KSU WITNESSES’ TESTIMONY PROVING THE ORDER TO FIRE:

“Rick Levinger, a freshman from New York City, said he was to the rear of the firing guardsmen. He said he saw ’20 to 30 guardsmen walking away from the students, then suddenly turn around at them and open up’. Levinger insisted he heard one officer issue an order to fire. ‘I saw those guys turn and get on their knees after I heard the officer order them to fire’.”
–Cleveland Plain Dealer newspaper article: “Troops Lost All Their Cool”, by Joseph Eszterhas, May 5, 1970.

“So when the Guard retreated, I followed them and found a position near the pagoda. I was the closest person to the Guard and I heard an officer give the order, ‘Turn around and fire three rounds’. He yelled so loud I could hear it very plainly… The story has never appeared in any public record. Could it be that the investigators haven’t wanted to believe that an order was given?”
–KSU electrician “Jack Albrecht”, quoted in book: KENT STATE: WHAT HAPPENED AND WHY, by James Michener, 1971.

During all previous courtroom & investigation situations, the digital version of the1970 Terry Strubbe tape recording was never available to fully corroborate these statements & the clear proof of the verbal command which can be now heard on the CD digital version of the tape.

Here are the exact words of the long-suppressed verbal command shouted immediately before the 13 seconds of gunfire on Blanket Hill on May 4, 1970:

“RIGHT HERE! GET SET! POINT! FIRE!”

Hopefully, when this suppressed evidence is soon presented to the US Justice Department, we can gain new investigations compelling even some Ohio National Guardsmen to join us while we seek truth without vengeance or retribution.

And, in my opinion, there is reason to believe some lower-ranking 1970 guardsmen now seek to escape the burden of history and finally place the blame where it belongs—on the high-ranking guard commanders who ordered the May 4 tragedy here in 1970 – or perhaps upon Ohio Governor Rhodes or President Nixon.

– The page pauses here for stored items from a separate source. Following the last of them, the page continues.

lemma bad_vertex_bridge:
  assumes sg: "simple_graph V E" and cg: "connected_graph V E"
    and bad: "bad_vertex V E v" and Evu: "E v u"
  shows "bridge E v u"
proof -
  have irr: "\<forall>x. \<not> E x x" and inV: "\<forall>x y. E x y \<longrightarrow> x \<in> V \<and> y \<in> V"
    using sg unfolding simple_graph_def by blast+
  have u: "u \<in> {w \<in> V. E v w}" using Evu inV by blast
  consider (leaf) "degree V E v = 1" | (cut) "degree V E v = 2" "articulation_point V E v"
    using bad unfolding bad_vertex_def by blast
  then show ?thesis
  proof cases
    case leaf
    then obtain z where "{w \<in> V. E v w} = {z}"
      unfolding degree_def by (rule card_1_singletonE)
    then have N: "{w \<in> V. E v w} = {u}" using u by simp
    have "x = v \<and> y = u" if "x \<in> {v}" "y \<notin> {v}" "E x y" for x y
      using that inV N by blast
    moreover have "u \<notin> {v}" using Evu irr by auto
    ultimately show ?thesis unfolding bridge_def by blast
  next
    case cut
    then obtain a b where "{w \<in> V. E v w} = {a, b}"
      unfolding degree_def card_2_iff by blast
    then obtain c where N: "{w \<in> V. E v w} = {u, c}"
      using u by (metis insert_commute insertE singletonD)
    have cV: "c \<in> V - {v}" using N irr by blast
    have sep: "\<not> reachable (V - {v}) E c u"
      using degree_two_articulation_point_separates[OF sg cg N cut(2)] .
    define A where "A = insert v {x. reachable (V - {v}) E c x}"
    have "x = v \<and> y = u" if "x \<in> A" "y \<notin> A" "E x y" for x y
    proof (cases "x = v")
      case True
      have "c \<in> A" unfolding A_def using reachable_refl[OF cV] by simp
      then have "y \<in> {u, c} - {c}" using that True N inV by blast
      then show ?thesis using True by blast
    next
      case False
      then have "reachable (V - {v}) E c x" using that(1) unfolding A_def by simp
      moreover have "y \<in> V - {v}" using that inV unfolding A_def by auto
      ultimately have "y \<in> A"
        using reachable_snoc[of "V - {v}" E c x y] that(3) unfolding A_def by simp
      then show ?thesis using that(2) by contradiction
    qed
    moreover have "v \<in> A" "u \<notin> A" using sep Evu irr unfolding A_def by auto
    ultimately show ?thesis unfolding bridge_def by blast
  qed
qed

lemma shortest_walk_exists:
  assumes "reachable V E a b"
  shows "\<exists>p. is_walk V E p \<and> hd p = a \<and> last p = b \<and> length p = Suc (dist V E a b)"
proof -
  obtain p where "is_walk V E p" "hd p = a" "last p = b"
    using assms unfolding reachable_def by blast
  then have "\<exists>k p. is_walk V E p \<and> hd p = a \<and> last p = b \<and> length p = Suc k"
    by (metis Suc_pred is_walk_def length_greater_0_conv)
  then show ?thesis unfolding dist_def by (rule LeastI_ex)
qed

lemma dist_le_walk_length:
  "is_walk V E p \<Longrightarrow> dist V E (hd p) (last p) \<le> length p - 1"
  unfolding dist_def by (rule Least_le) (auto simp: is_walk_iff_successively)

lemma exists_neighbour_closer:
  assumes "connected_graph V E" "v \<in> V" "r \<in> V" "v \<noteq> r"
  shows "\<exists>u. E v u \<and> dist V E u r < dist V E v r"
proof -
  have "reachable V E v r" using assms(1-3) unfolding connected_graph_def by simp
  then obtain p where p: "is_walk V E p" "hd p = v" "last p = r" "length p = Suc (dist V E v r)"
    by (auto dest: shortest_walk_exists)
  obtain q where q: "p = v # q" using p(1,2) by (cases p) (simp_all add: is_walk_iff_successively)
  then have "q \<noteq> []" using p(3) assms(4) by auto
  then have "is_walk V E q" "E v (hd q)" "last q = r" "length q = dist V E v r"
    using p q by (auto simp: is_walk_iff_successively successively_Cons)
  moreover have "dist V E (hd q) r < dist V E v r"
    using dist_le_walk_length[OF \<open>is_walk V E q\<close>] \<open>q \<noteq> []\<close> calculation
    by (cases q) auto
  ultimately show ?thesis by blast
qed

lemma nat_crossing:
  fixes P :: "nat \<Rightarrow> bool"
  assumes "P a" "\<not> P b" "a < b"
  shows "\<exists>k. a \<le> k \<and> k < b \<and> P k \<and> \<not> P (Suc k)"
  using assms
proof (induction b)
  case 0
  then show ?case by simp
next
  case (Suc b)
  show ?case
  proof (cases "P b")
    case True
    then show ?thesis using Suc.prems by (intro exI[of _ b]) (simp add: less_Suc_eq_le)
  next
    case False
    then have "a < b" using Suc.prems by (cases "a = b") (simp_all add: less_Suc_eq)
    then show ?thesis using Suc.IH[OF Suc.prems(1) False] less_SucI by blast
  qed
qed

lemma closed_list_exit:
  assumes closed: "hd p = last p" and x: "x \<in> set p" "P x" and y: "y \<in> set p" "\<not> P y"
  shows "\<exists>k. Suc k < length p \<and> P (p ! k) \<and> \<not> P (p ! Suc k)"
proof (cases "P (p ! 0)")
  case True
  obtain j where j: "j < length p" "p ! j = y" using y(1) by (auto simp: in_set_conv_nth)
  then have "0 < j" using True y(2) by (cases j) auto
  then obtain k where "k < j" "P (p ! k)" "\<not> P (p ! Suc k)"
    using nat_crossing[of "\<lambda>k. P (p ! k)" 0 j] True j y(2) by auto
  then show ?thesis using j(1) by (intro exI[of _ k]) simp
next
  case False
  have "p \<noteq> []" using x by auto
  then have last: "p ! (length p - 1) = p ! 0"
    using closed by (simp add: hd_conv_nth last_conv_nth)
  obtain i where i: "i < length p" "p ! i = x" using x(1) by (auto simp: in_set_conv_nth)
  then have "i < length p - 1" using False last x(2) by (cases "i = length p - 1") auto
  then obtain k where "k < length p - 1" "P (p ! k)" "\<not> P (p ! Suc k)"
    using nat_crossing[of "\<lambda>k. P (p ! k)" i "length p - 1"] False last i x(2) by auto
  then show ?thesis by (intro exI[of _ k]) simp
qed

definition walk_edges :: "'a list \<Rightarrow> 'a set set" where
  "walk_edges p = (\<lambda>i. {p ! i, p ! Suc i}) ` {..<length p - 1}"

definition edge_multiplicity :: "'a list \<Rightarrow> 'a set \<Rightarrow> nat" where
  "edge_multiplicity p e = card {i \<in> {..<length p - 1}. {p ! i, p ! Suc i} = e}"

lemma finite_walk_edges: "finite (walk_edges p)"
  unfolding walk_edges_def by (rule finite_imageI) simp

lemma edge_multiplicity_pos_iff: "0 < edge_multiplicity p e \<longleftrightarrow> e \<in> walk_edges p"
  unfolding edge_multiplicity_def walk_edges_def card_gt_0_iff by auto

lemma walk_edges_Cons:
  assumes "q \<noteq> []"
  shows "walk_edges (x # q) = insert {x, hd q} (walk_edges q)"
proof -
  have "{..<length (x # q) - 1} = insert 0 (Suc ` {..<length q - 1})"
    using assms lessThan_Suc_eq_insert_0[of "length q - 1"] by simp
  then show ?thesis
    using assms unfolding walk_edges_def by (simp add: image_image hd_conv_nth)
qed

lemma walk_edges_subset_set: "e \<in> walk_edges p \<Longrightarrow> e \<subseteq> set p"
  unfolding walk_edges_def by auto

lemma card_set_le_card_walk_edges:
  "p \<noteq> [] \<Longrightarrow> card (set p) \<le> card (walk_edges p) + 1"
proof (induction p)
  case Nil
  then show ?case by simp
next
  case (Cons x q)
  consider "q = []" | "q \<noteq> []" "x \<in> set q" | "q \<noteq> []" "x \<notin> set q" by blast
  then show ?case
  proof cases
    case 1
    then show ?thesis by simp
  next
    case 2
    then have "card (walk_edges q) \<le> card (walk_edges (x # q))"
      using walk_edges_Cons card_insert_le finite_walk_edges by metis
    then show ?thesis using 2 Cons.IH by (simp add: insert_absorb)
  next
    case 3
    then have "{x, hd q} \<notin> walk_edges q" using walk_edges_subset_set by blast
    then show ?thesis using 3 Cons.IH finite_walk_edges[of q] by (simp add: walk_edges_Cons)
  qed
qed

In the coming year, inevitable new investigations will soon complement new Kent 1970 books, documentary films and a Hollywood feature film which will soon generate millions of younger supporters worldwide & dovetail, as we approach May 4, 2010, creating a renewed digital-age tidal wave of May 4 Movement supporters demanding truth & justice in the coming year.

We seek a Truth Commission to investigate Kent State 1970 & related COINTELPRO government assaults against innocent US citizens who dared to speak out against war & racism.

Let me be perfectly clear: we seek the truth without retribution or revenge at this late date.

As May 4, 2010 approaches, we will continue to reveal the misunderstood mountain of Kent 1970 evidence online & here at KSU. Our May 4 Movement has revealed & will reveal more hidden evidence so we can declare forever: the Kent State cover-up is destroyed for the sake of honest history.

This is our challenge. This is our duty. We will win.

Long live the May 4 Movement for truth and justice!